■ **The problem**:
Each line of the records below that holds "dots" should be copied out.

■ **Saved entries**:
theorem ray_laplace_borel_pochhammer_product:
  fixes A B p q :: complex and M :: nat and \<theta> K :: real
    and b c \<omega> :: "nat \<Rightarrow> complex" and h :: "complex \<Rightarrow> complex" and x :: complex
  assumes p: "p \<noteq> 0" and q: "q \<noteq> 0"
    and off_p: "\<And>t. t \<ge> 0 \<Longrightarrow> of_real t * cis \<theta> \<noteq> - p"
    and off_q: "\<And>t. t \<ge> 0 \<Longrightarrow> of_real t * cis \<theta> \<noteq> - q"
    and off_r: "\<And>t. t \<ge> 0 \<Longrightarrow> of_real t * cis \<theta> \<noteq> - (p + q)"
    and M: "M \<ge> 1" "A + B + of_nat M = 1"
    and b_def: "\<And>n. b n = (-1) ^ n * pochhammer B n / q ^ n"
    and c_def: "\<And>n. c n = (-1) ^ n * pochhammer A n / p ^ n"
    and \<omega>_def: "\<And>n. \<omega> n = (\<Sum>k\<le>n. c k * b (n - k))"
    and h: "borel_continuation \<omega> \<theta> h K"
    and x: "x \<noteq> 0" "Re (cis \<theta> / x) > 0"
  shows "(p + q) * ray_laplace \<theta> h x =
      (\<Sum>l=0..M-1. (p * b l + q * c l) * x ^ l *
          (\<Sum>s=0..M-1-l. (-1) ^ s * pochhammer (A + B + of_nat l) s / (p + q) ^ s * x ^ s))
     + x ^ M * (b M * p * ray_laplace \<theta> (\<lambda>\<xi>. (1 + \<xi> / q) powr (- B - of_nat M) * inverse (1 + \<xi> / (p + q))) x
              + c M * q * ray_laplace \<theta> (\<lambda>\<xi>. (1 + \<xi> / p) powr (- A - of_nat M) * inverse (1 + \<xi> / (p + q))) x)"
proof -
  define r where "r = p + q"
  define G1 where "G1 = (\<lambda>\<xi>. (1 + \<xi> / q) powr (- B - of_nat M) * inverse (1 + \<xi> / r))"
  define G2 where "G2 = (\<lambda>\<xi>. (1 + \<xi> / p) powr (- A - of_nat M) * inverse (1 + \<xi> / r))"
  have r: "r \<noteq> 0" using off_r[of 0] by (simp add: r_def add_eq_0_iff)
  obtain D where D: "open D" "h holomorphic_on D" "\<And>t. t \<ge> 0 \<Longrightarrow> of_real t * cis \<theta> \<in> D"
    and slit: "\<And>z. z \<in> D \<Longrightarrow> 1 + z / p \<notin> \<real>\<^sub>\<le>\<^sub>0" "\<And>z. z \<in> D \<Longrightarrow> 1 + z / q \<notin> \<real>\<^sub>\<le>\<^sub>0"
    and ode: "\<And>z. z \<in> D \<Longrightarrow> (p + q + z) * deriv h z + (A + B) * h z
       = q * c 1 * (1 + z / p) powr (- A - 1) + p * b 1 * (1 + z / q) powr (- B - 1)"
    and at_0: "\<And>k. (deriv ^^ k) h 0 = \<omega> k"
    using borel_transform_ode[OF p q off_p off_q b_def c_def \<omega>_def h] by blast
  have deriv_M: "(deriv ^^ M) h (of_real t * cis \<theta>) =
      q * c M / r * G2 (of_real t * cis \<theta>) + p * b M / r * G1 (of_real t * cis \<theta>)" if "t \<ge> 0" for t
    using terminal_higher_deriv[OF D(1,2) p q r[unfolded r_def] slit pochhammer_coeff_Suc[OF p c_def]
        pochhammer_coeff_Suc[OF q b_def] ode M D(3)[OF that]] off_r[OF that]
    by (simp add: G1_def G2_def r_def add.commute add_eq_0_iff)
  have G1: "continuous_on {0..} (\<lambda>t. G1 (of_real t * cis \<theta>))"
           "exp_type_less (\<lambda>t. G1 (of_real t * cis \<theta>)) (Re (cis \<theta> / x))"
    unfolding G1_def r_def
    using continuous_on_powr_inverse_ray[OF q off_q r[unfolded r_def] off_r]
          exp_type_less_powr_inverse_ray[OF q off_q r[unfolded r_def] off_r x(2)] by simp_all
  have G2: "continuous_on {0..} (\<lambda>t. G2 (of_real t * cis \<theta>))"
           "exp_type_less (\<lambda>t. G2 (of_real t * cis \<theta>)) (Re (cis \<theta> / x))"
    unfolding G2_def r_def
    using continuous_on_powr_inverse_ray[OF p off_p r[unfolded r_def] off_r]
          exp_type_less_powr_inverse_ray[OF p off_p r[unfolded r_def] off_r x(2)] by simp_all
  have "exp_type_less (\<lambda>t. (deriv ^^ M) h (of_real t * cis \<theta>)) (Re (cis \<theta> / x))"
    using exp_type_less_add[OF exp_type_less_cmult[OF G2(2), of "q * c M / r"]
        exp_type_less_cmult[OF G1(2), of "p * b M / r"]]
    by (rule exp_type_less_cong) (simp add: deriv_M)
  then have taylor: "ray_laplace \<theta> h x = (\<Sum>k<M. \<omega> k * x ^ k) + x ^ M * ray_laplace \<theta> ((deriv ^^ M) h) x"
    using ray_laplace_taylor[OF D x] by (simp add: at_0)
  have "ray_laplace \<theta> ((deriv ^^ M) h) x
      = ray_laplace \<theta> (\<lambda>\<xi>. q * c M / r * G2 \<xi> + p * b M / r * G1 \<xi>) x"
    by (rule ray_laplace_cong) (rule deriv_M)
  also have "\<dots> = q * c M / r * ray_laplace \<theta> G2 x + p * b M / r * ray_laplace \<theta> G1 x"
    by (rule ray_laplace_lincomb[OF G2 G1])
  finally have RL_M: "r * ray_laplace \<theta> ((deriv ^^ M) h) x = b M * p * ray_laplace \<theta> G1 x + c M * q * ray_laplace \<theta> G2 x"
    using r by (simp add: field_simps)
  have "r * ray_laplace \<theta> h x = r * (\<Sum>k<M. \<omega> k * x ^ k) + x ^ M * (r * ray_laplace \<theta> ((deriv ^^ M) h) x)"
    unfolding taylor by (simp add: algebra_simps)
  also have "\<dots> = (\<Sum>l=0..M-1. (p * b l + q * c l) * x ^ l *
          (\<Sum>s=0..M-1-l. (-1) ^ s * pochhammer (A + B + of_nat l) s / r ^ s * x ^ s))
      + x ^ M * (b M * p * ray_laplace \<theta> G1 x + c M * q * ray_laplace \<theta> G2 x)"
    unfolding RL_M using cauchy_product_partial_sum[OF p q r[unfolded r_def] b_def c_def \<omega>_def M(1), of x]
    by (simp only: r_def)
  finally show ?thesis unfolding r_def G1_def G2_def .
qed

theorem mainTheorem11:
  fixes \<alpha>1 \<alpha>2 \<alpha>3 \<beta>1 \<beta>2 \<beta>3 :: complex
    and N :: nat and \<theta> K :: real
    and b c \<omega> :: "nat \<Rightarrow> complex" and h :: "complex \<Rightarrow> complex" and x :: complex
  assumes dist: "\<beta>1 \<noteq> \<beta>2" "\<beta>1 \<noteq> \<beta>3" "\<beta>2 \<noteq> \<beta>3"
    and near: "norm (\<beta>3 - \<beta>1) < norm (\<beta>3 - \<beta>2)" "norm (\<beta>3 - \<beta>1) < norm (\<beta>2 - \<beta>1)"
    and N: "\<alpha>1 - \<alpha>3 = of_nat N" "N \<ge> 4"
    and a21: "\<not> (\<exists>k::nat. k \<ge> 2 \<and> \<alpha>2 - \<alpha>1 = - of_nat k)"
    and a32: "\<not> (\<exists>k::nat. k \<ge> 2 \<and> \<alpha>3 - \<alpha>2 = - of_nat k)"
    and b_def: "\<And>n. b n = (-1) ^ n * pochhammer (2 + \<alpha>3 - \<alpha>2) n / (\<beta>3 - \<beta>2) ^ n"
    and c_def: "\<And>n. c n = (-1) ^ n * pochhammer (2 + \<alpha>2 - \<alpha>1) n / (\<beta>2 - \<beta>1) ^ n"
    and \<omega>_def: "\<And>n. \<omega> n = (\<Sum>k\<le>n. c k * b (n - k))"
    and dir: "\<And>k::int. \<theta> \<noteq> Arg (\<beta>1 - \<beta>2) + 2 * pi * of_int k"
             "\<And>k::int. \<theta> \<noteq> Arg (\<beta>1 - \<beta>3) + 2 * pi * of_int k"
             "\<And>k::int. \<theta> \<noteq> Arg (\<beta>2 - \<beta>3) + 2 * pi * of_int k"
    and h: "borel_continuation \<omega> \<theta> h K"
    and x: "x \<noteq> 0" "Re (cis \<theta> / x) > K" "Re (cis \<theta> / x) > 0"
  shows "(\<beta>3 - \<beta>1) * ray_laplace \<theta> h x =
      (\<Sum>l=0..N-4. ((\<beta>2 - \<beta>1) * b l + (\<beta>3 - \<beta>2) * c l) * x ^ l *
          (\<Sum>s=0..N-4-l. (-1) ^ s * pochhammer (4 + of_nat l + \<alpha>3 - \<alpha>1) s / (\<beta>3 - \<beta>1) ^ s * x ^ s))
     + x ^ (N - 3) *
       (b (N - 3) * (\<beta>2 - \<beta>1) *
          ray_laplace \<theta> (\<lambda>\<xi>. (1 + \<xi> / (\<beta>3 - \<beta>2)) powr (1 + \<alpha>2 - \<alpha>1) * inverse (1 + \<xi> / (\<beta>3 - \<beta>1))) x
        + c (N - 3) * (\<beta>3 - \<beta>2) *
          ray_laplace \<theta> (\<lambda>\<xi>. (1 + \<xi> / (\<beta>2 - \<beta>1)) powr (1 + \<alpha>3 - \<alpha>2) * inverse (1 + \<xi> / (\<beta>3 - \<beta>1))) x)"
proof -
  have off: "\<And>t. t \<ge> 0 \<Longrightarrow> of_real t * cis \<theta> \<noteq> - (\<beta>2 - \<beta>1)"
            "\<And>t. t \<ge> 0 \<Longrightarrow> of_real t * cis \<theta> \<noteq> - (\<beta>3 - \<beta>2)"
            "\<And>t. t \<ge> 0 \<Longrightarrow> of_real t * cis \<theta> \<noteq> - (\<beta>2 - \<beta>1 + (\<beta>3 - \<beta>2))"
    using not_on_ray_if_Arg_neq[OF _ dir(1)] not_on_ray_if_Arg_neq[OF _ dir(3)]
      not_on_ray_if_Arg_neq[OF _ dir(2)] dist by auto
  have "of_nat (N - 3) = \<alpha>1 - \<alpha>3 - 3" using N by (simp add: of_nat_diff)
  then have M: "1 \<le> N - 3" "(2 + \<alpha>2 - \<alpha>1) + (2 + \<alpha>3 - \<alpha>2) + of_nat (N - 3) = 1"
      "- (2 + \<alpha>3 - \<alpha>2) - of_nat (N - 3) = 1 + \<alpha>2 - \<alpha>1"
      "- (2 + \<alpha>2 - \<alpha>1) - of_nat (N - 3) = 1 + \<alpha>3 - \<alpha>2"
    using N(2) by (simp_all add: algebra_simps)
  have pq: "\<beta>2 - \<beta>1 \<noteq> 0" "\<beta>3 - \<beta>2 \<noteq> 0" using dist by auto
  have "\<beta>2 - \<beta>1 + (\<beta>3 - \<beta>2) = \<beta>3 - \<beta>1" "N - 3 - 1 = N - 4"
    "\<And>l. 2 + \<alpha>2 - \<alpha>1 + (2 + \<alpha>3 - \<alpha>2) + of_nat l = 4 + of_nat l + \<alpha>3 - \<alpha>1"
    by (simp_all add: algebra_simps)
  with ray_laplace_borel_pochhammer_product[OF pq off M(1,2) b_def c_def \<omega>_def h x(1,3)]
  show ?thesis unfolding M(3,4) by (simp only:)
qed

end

■ **Solution to this task**:
  also have "\<dots> = q * c M / r * ray_laplace \<theta> G2 x + p * b M / r * ray_laplace \<theta> G1 x"
  also have "\<dots> = (\<Sum>l=0..M-1. (p * b l + q * c l) * x ^ l *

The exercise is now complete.